Astute Market Overview - 29th November 2022
Looking over last week, markets in the US had a shortened week as they closed for the Thanksgiving holiday, consumers flocked to the high street (both physically and online) to snap up Black Friday deals, and protests broke out across China.
Welcome to our Astute Market Overview of the last week.
Given that inflation has surged over the year, announcements from central banks are closely observed. Economists want to know their monetary policy decisions as soon as possible, as these decisions impact consumers, businesses, economies and markets. The narrative from central banks is always digested and analysed, but perhaps more so this year.
In the US, the Federal Reserve Open Market Committee is a 12-person committee. They meet 8 times across the year to determine monetary policy in the US with two goals: price stability and sustainable economic growth. The minutes from their last meeting were released this week, and showed that many members of the committee voted for moderation in the pace of interest rate hikes in the US. This added to speculation that a smaller interest rate hike for the US may be in store next month, when compared to the recent spate of 0.75% hikes.

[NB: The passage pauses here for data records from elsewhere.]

(* For every integer $n\ge 1$: $\overline{\mathrm{spt}}(n)$ is odd if and only if $n$ is a square or twice a square; $\overline{\mathrm{spt}}_1(n)$ is odd if and only if $n$ is an odd square; $\overline{\mathrm{spt}}_2(n)$ is odd if and only if $n$ is an even square or twice a square.
   Context: An overpartition of $n$ is a partition of $n$ in which the first occurrence of each part size may (optionally) be overlined. $\overline{\mathrm{spt}}(n)$ is the total number of smallest parts, summed over all overpartitions of $n$ whose smallest part is not overlined (overpartitions whose smallest part is overlined contribute nothing). $\overline{\mathrm{spt}}_1(n)$ is the same count restricted to those overpartitions whose smallest part is odd, and $\overline{\mathrm{spt}}_2(n)$ is the same count restricted to those whose smallest part is even. For example $\overline{\mathrm{spt}}(4)=13$, $\overline{\mathrm{spt}}_1(4)=10$, $\overline{\mathrm{spt}}_2(4)=3$. *)

theory Defs
  imports Main "HOL-Library.Multiset"
begin

text \<open>An overpartition of n is represented as a pair (P, Ov): P is the multiset of
  (positive) parts summing to n, and Ov is the set of part sizes whose first
  occurrence is overlined (so Ov must be a subset of the part sizes occurring in P).\<close>

definition overpartitions :: "nat \<Rightarrow> (nat multiset \<times> nat set) set" where
  "overpartitions n = {(P, Ov). (\<forall>x\<in>#P. 0 < x) \<and> sum_mset P = n \<and> Ov \<subseteq> set_mset P}"

definition smallest_part :: "nat multiset \<Rightarrow> nat" where
  "smallest_part P = Min (set_mset P)"

definition spt_bar_restr :: "(nat \<Rightarrow> bool) \<Rightarrow> nat \<Rightarrow> nat" where
  "spt_bar_restr Q n =
     (\<Sum>(P, Ov) \<in> {(P, Ov) \<in> overpartitions n. P \<noteq> {#} \<and> smallest_part P \<notin> Ov
                                    \<and> Q (smallest_part P)}.
        count P (smallest_part P))"

definition spt_bar :: "nat \<Rightarrow> nat" where
  "spt_bar n = spt_bar_restr (\<lambda>_. True) n"

definition spt_bar1 :: "nat \<Rightarrow> nat" where
  "spt_bar1 n = spt_bar_restr odd n"

definition spt_bar2 :: "nat \<Rightarrow> nat" where
  "spt_bar2 n = spt_bar_restr even n"

end

theory Submission
  imports Defs "HOL-Library.Z2" "HOL-Library.Disjoint_Sets"
begin

text \<open>
  Toggling the overline on the largest part, whenever it differs from the smallest part, is an
  involution on the overpartitions counted by \<open>spt_bar_restr Q n\<close> which preserves the number of
  smallest parts. Modulo 2 only its fixed points count: the overpartitions \<open>s + \<dots> + s\<close> with
  \<open>s dvd n\<close> and \<open>Q s\<close>, each contributing \<open>n div s\<close>. So \<open>spt_bar_restr Q n\<close> has the parity of
  the number of divisors \<open>s\<close> of \<open>n\<close> with \<open>Q s\<close> and \<open>n div s\<close> odd. Without restriction these
  correspond to the divisors of the odd part of \<open>n\<close>, whose number is odd iff the odd part is a
  square, i.e. iff \<open>n\<close> is a square or twice a square; requiring \<open>s\<close> odd (even) keeps all of them
  when \<open>n\<close> is odd (even) and none otherwise.
\<close>

lemma even_sum_involution_fixed_points:
  fixes g :: "'a \<Rightarrow> nat"
  assumes "finite A"
    and "\<And>x. x \<in> A \<Longrightarrow> h x \<in> A" "\<And>x. x \<in> A \<Longrightarrow> h (h x) = x"
    and "\<And>x. x \<in> A \<Longrightarrow> g (h x) = g x"
  shows "even (sum g A) \<longleftrightarrow> even (sum g {x \<in> A. h x = x})"
proof -
  let ?F = "{x \<in> A. h x = x}"
  \<comment> \<open>In \<open>bit\<close> = \<open>\<int>/2\<close> the terms of \<open>x\<close> and \<open>h x\<close> cancel.\<close>
  have "(\<Sum>x\<in>A - ?F. of_nat (g x) :: bit) = 0"
  proof (rule sum_involution_eq_0)
    fix x assume x: "x \<in> A - ?F"
    then show "h x \<in> A - ?F" "h (h x) = x" "h x \<noteq> x" using assms(2,3) by auto
    show "of_nat (g (h x)) + of_nat (g x) = (0 :: bit)"
      using x assms(4) by (simp flip: mult_2)
  qed
  then have "even (sum g (A - ?F))"
    by (metis (mono_tags) of_nat_sum even_of_nat_iff even_zero)
  moreover have "sum g A = sum g (A - ?F) + sum g ?F"
    using assms(1) by (intro sum.subset_diff) auto
  ultimately show ?thesis by simp
qed

lemma odd_card_divisors_iff_square:
  fixes n :: nat
  assumes "n > 0"
  shows "odd (card {d. d dvd n}) \<longleftrightarrow> (\<exists>k. n = k ^ 2)"
proof -
  have cofactor: "n div d dvd n" if "d dvd n" for d
    using that by (metis dvd_div_mult_self dvd_triv_left)
  have "even (card {d. d dvd n}) \<longleftrightarrow> even (card {d \<in> {d. d dvd n}. n div d = d})"
    using even_sum_involution_fixed_points[of "{d. d dvd n}" "\<lambda>d. n div d" "\<lambda>_. 1"] assms cofactor
    by (simp add: finite_divisors_nat div_div_eq_right)
  also have "{d \<in> {d. d dvd n}. n div d = d} = {d. d ^ 2 = n}"
    by (auto simp: power2_eq_square) (metis dvd_mult_div_cancel)+
  also have "even (card {d. d ^ 2 = n}) \<longleftrightarrow> \<not> (\<exists>k. n = k ^ 2)"
  proof (cases "\<exists>k. n = k ^ 2")
    case True
    then obtain k where "n = k ^ 2" by blast
    then have "{d. d ^ 2 = n} = {k}" by auto
    then show ?thesis using True by simp
  qed (metis (mono_tags) empty_Collect_eq card.empty even_zero)
  finally show ?thesis by simp
qed

lemma odd_iff_odd_divisor_and_cofactor:
  fixes n :: nat
  assumes "d dvd n"
  shows "odd n \<longleftrightarrow> odd d \<and> odd (n div d)"
  by (metis assms dvd_mult_div_cancel even_mult_iff)

lemma odd_cofactor_divisors_double:
  fixes m :: nat
  shows "{d. d dvd 2 * m \<and> odd (2 * m div d)} = (*) 2 ` {d. d dvd m \<and> odd (m div d)}"
proof (intro equalityI subsetI)
  fix d assume d: "d \<in> {d. d dvd 2 * m \<and> odd (2 * m div d)}"
  then have "even d"
    using odd_iff_odd_divisor_and_cofactor[of d "2 * m"] by auto
  then obtain t where "d = 2 * t" by blast
  with d show "d \<in> (*) 2 ` {d. d dvd m \<and> odd (m div d)}" by auto
qed auto

lemma double_is_square_or_twice_square_iff:
  fixes m :: nat
  shows "(\<exists>k. 2 * m = k ^ 2) \<or> (\<exists>k. 2 * m = 2 * k ^ 2) \<longleftrightarrow>
         (\<exists>k. m = k ^ 2) \<or> (\<exists>k. m = 2 * k ^ 2)"
proof -
  have "(\<exists>k. 2 * m = k ^ 2) \<longleftrightarrow> (\<exists>k. m = 2 * k ^ 2)"
  proof
    assume "\<exists>k. 2 * m = k ^ 2"
    then obtain k where k: "2 * m = k ^ 2" by blast
    then have "even k" by (metis dvd_triv_left even_power zero_less_numeral)
    with k show "\<exists>k. m = 2 * k ^ 2" by (auto simp: power2_eq_square elim!: evenE)
  next
    assume "\<exists>k. m = 2 * k ^ 2"
    then show "\<exists>k. 2 * m = k ^ 2" by (metis power_mult_distrib power2_eq_square mult.assoc)
  qed
  then show ?thesis by auto
qed

lemma odd_card_odd_cofactor_divisors_iff:
  fixes n :: nat
  assumes "n > 0"
  shows "odd (card {d. d dvd n \<and> odd (n div d)}) \<longleftrightarrow> (\<exists>k. n = k ^ 2) \<or> (\<exists>k. n = 2 * k ^ 2)"
  using assms
proof (induction n rule: less_induct)
  case (less n)
  show ?case
  proof (cases "even n")
    case True
    then obtain m where n: "n = 2 * m" by blast
    have "card {d. d dvd n \<and> odd (n div d)} = card {d. d dvd m \<and> odd (m div d)}"
      unfolding n odd_cofactor_divisors_double by (rule card_image) (simp add: inj_on_def)
    then show ?thesis
      using less.IH[of m] less.prems double_is_square_or_twice_square_iff[of m] n by simp
  next
    case False
    then have "{d. d dvd n \<and> odd (n div d)} = {d. d dvd n}"
      using odd_iff_odd_divisor_and_cofactor by blast
    then show ?thesis
      using False odd_card_divisors_iff_square[OF less.prems] by auto
  qed
qed

lemma positive_parts_bounded_by_sum:
  fixes P :: "nat multiset"
  assumes "\<forall>x\<in>#P. 0 < x"
  shows "size P \<le> sum_mset P" "\<forall>x\<in>#P. x \<le> sum_mset P"
  using assms by (induction P) auto

lemma finite_overpartitions: "finite (overpartitions n)"
proof (rule finite_subset)
  show "overpartitions n \<subseteq> (\<Union>k\<le>n. multisets_of_size {..n} k) \<times> Pow {..n}"
  proof (clarify)
    fix P Ov assume "(P, Ov) \<in> overpartitions n"
    then have "\<forall>x\<in>#P. 0 < x" "sum_mset P = n" "Ov \<subseteq> set_mset P"
      by (auto simp: overpartitions_def)
    with positive_parts_bounded_by_sum[of P]
    show "P \<in> (\<Union>k\<le>n. multisets_of_size {..n} k) \<and> Ov \<in> Pow {..n}"
      unfolding multisets_of_size_def by auto
  qed
  show "finite ((\<Union>k\<le>n. multisets_of_size {..n} k) \<times> Pow {..n})"
    by auto
qed

definition spt_overpartitions :: "(nat \<Rightarrow> bool) \<Rightarrow> nat \<Rightarrow> (nat multiset \<times> nat set) set" where
  "spt_overpartitions Q n = {(P, Ov) \<in> overpartitions n. P \<noteq> {#} \<and> smallest_part P \<notin> Ov
                                                       \<and> Q (smallest_part P)}"

lemma spt_bar_restr_eq_sum:
  "spt_bar_restr Q n = (\<Sum>x\<in>spt_overpartitions Q n. count (fst x) (smallest_part (fst x)))"
  unfolding spt_bar_restr_def spt_overpartitions_def case_prod_beta' ..

lemma finite_spt_overpartitions: "finite (spt_overpartitions Q n)"
  using finite_overpartitions by (rule finite_subset[rotated]) (auto simp: spt_overpartitions_def)

lemma smallest_part_replicate_mset: "m \<noteq> 0 \<Longrightarrow> smallest_part (replicate_mset m s) = s"
  by (simp add: smallest_part_def)

definition toggle_largest :: "nat multiset \<times> nat set \<Rightarrow> nat multiset \<times> nat set" where
  "toggle_largest = (\<lambda>(P, Ov). let l = Max (set_mset P) in
     (P, if l = smallest_part P then Ov else if l \<in> Ov then Ov - {l} else insert l Ov))"

lemma toggle_largest_toggle_largest [simp]: "toggle_largest (toggle_largest x) = x"
  by (auto simp: toggle_largest_def Let_def split: prod.splits)

lemma fst_toggle_largest [simp]: "fst (toggle_largest x) = fst x"
  by (simp add: toggle_largest_def Let_def split: prod.splits)

lemma toggle_largest_eq_iff: "toggle_largest (P, Ov) = (P, Ov) \<longleftrightarrow> Max (set_mset P) = smallest_part P"
  by (auto simp: toggle_largest_def Let_def)

lemma toggle_largest_in_spt_overpartitions:
  assumes "x \<in> spt_overpartitions Q n"
  shows "toggle_largest x \<in> spt_overpartitions Q n"
proof -
  obtain P Ov where x: "x = (P, Ov)" by (cases x)
  with assms have "P \<noteq> {#}" by (simp add: spt_overpartitions_def)
  then have "Max (set_mset P) \<in># P" by simp
  then show ?thesis
    using assms unfolding x spt_overpartitions_def overpartitions_def toggle_largest_def Let_def
    by simp blast
qed

lemma fixed_spt_overpartitions:
  assumes "n > 0"
  shows "{x \<in> spt_overpartitions Q n. toggle_largest x = x}
       = (\<lambda>s. (replicate_mset (n div s) s, {} :: nat set)) ` {s. s dvd n \<and> Q s}"
proof (intro equalityI subsetI)
  fix x assume x: "x \<in> {x \<in> spt_overpartitions Q n. toggle_largest x = x}"
  then obtain P Ov where x_eq: "x = (P, Ov)" by (cases x)
  define s where "s = smallest_part P"
  from x have P: "\<forall>x\<in>#P. 0 < x" "sum_mset P = n" "Ov \<subseteq> set_mset P" "P \<noteq> {#}"
    and "s \<notin> Ov" "Q s" "Max (set_mset P) = s"
    by (auto simp: x_eq s_def spt_overpartitions_def overpartitions_def toggle_largest_eq_iff)
  have "set_mset P \<subseteq> {s}"
  proof
    fix y assume "y \<in># P"
    then have "s \<le> y" "y \<le> Max (set_mset P)" by (simp_all add: s_def smallest_part_def)
    then show "y \<in> {s}" using \<open>Max (set_mset P) = s\<close> by simp
  qed
  define m where "m = size P"
  with \<open>set_mset P \<subseteq> {s}\<close> have P_eq: "P = replicate_mset m s"
    using set_mset_subset_singletonD by metis
  have "Ov = {}"
    using P(3) \<open>set_mset P \<subseteq> {s}\<close> \<open>s \<notin> Ov\<close> by auto
  have "s \<in># P"
    using P(4) by (simp add: s_def smallest_part_def)
  with P(1) have "s > 0" by blast
  have "n = m * s"
    using P(2) P_eq by (metis sum_mset_replicate_mset of_nat_id)
  then have "s dvd n" "n div s = m"
    using \<open>s > 0\<close> by simp_all
  then show "x \<in> (\<lambda>s. (replicate_mset (n div s) s, {})) ` {s. s dvd n \<and> Q s}"
    using x_eq P_eq \<open>Ov = {}\<close> \<open>Q s\<close> by auto
next
  fix x assume "x \<in> (\<lambda>s. (replicate_mset (n div s) s, {} :: nat set)) ` {s. s dvd n \<and> Q s}"
  then obtain s where x: "x = (replicate_mset (n div s) s, {})" and s: "s dvd n" "Q s" by blast
  have "n div s * s = n"
    using s(1) by simp
  then have "s > 0" "n div s > 0"
    using assms by (metis mult_0_right mult_0 neq0_conv)+
  then show "x \<in> {x \<in> spt_overpartitions Q n. toggle_largest x = x}"
    using x s \<open>n div s * s = n\<close>
    by (simp add: spt_overpartitions_def overpartitions_def toggle_largest_eq_iff smallest_part_def)
qed

lemma odd_spt_bar_restr_iff:
  assumes "n > 0"
  shows "odd (spt_bar_restr Q n) \<longleftrightarrow> odd (card {s. s dvd n \<and> Q s \<and> odd (n div s)})"
proof -
  let ?g = "\<lambda>x. count (fst x) (smallest_part (fst x))"
  let ?S = "{s. s dvd n \<and> Q s}"
  have cofactor_nonzero: "n div s \<noteq> 0" if "s dvd n" for s
    using that assms by (simp add: dvd_div_eq_0_iff)
  have "even (spt_bar_restr Q n) \<longleftrightarrow>
        even (sum ?g {x \<in> spt_overpartitions Q n. toggle_largest x = x})"
    unfolding spt_bar_restr_eq_sum
    by (rule even_sum_involution_fixed_points)
       (simp_all add: finite_spt_overpartitions toggle_largest_in_spt_overpartitions)
  also have "sum ?g {x \<in> spt_overpartitions Q n. toggle_largest x = x} = (\<Sum>s\<in>?S. n div s)"
    unfolding fixed_spt_overpartitions[OF assms]
  proof (rule sum.reindex_cong)
    show "inj_on (\<lambda>s. (replicate_mset (n div s) s, {} :: nat set)) ?S"
      unfolding inj_on_def by (simp add: replicate_mset_eq_iff cofactor_nonzero)
  qed (simp_all add: cofactor_nonzero smallest_part_replicate_mset)
  also have "even (\<Sum>s\<in>?S. n div s) \<longleftrightarrow> even (card {s \<in> ?S. odd (n div s)})"
    using assms by (intro even_sum_iff) simp
  finally show ?thesis by simp
qed

theorem theorem1p4:
  fixes n :: nat
  assumes "1 \<le> n"
  shows "(odd (spt_bar n) \<longleftrightarrow> (\<exists>k. n = k ^ 2) \<or> (\<exists>k. n = 2 * k ^ 2))
       \<and> (odd (spt_bar1 n) \<longleftrightarrow> odd n \<and> (\<exists>k. n = k ^ 2))
       \<and> (odd (spt_bar2 n) \<longleftrightarrow> (even n \<and> (\<exists>k. n = k ^ 2)) \<or> (\<exists>k. n = 2 * k ^ 2))"
proof -
  let ?D = "{s. s dvd n \<and> odd (n div s)}"
  have n: "n > 0" using assms by simp
  have odd_part: "{s. s dvd n \<and> odd s \<and> odd (n div s)} = (if odd n then ?D else {})"
    and even_part: "{s. s dvd n \<and> even s \<and> odd (n div s)} = (if odd n then {} else ?D)"
    using odd_iff_odd_divisor_and_cofactor[of _ n] by auto
  have "odd n \<Longrightarrow> \<not> (\<exists>k. n = 2 * k ^ 2)" by auto
  then show ?thesis
    using odd_spt_bar_restr_iff[OF n, of "\<lambda>_. True"] odd_spt_bar_restr_iff[OF n, of odd]
      odd_spt_bar_restr_iff[OF n, of even] odd_card_odd_cofactor_divisors_iff[OF n]
    unfolding spt_bar_def spt_bar1_def spt_bar2_def odd_part even_part by auto
qed

end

Elsewhere, the Chinese central bank announced that they would cut their reserve requirement ratio (RRR), which is the amount of cash reserves that banks must hold. This move is designed to add liquidity and support the economy, and comes as China’s National Health Commission reported steadily increasing numbers of daily covid cases across the week. Many regions in the country remain in lockdown, and as the week slid into the weekend, protests over lockdowns measures and political freedoms erupted across China, following a fire in Xinjiang. We’ll watch the government response closely, to see how president Xi Jinping will work to bring back a sense of stability.
We saw plenty of preliminary Purchasing Managers Index data released this week (often shortened to PMI). The measure is expressed as a number between 0-100, and summarises whether market conditions are expanding (a reading of above 50), staying the same or contracting (a reading below 50). Data released by S&P showed flash manufacturing and services data for the UK, US and eurozone all below 50, indicating the prevailing direction is recessionary. This came as no real surprise – we believe that a recession in each of the regions is priced into markets.
A few things we will look out for this week:
- We’ll have eurozone CPI and consumer confidence released, giving us an indication of price increases over the last month, and consumers’ optimism.
- In the US we’ll see nonfarm payrolls, a key statistic for the US labour market.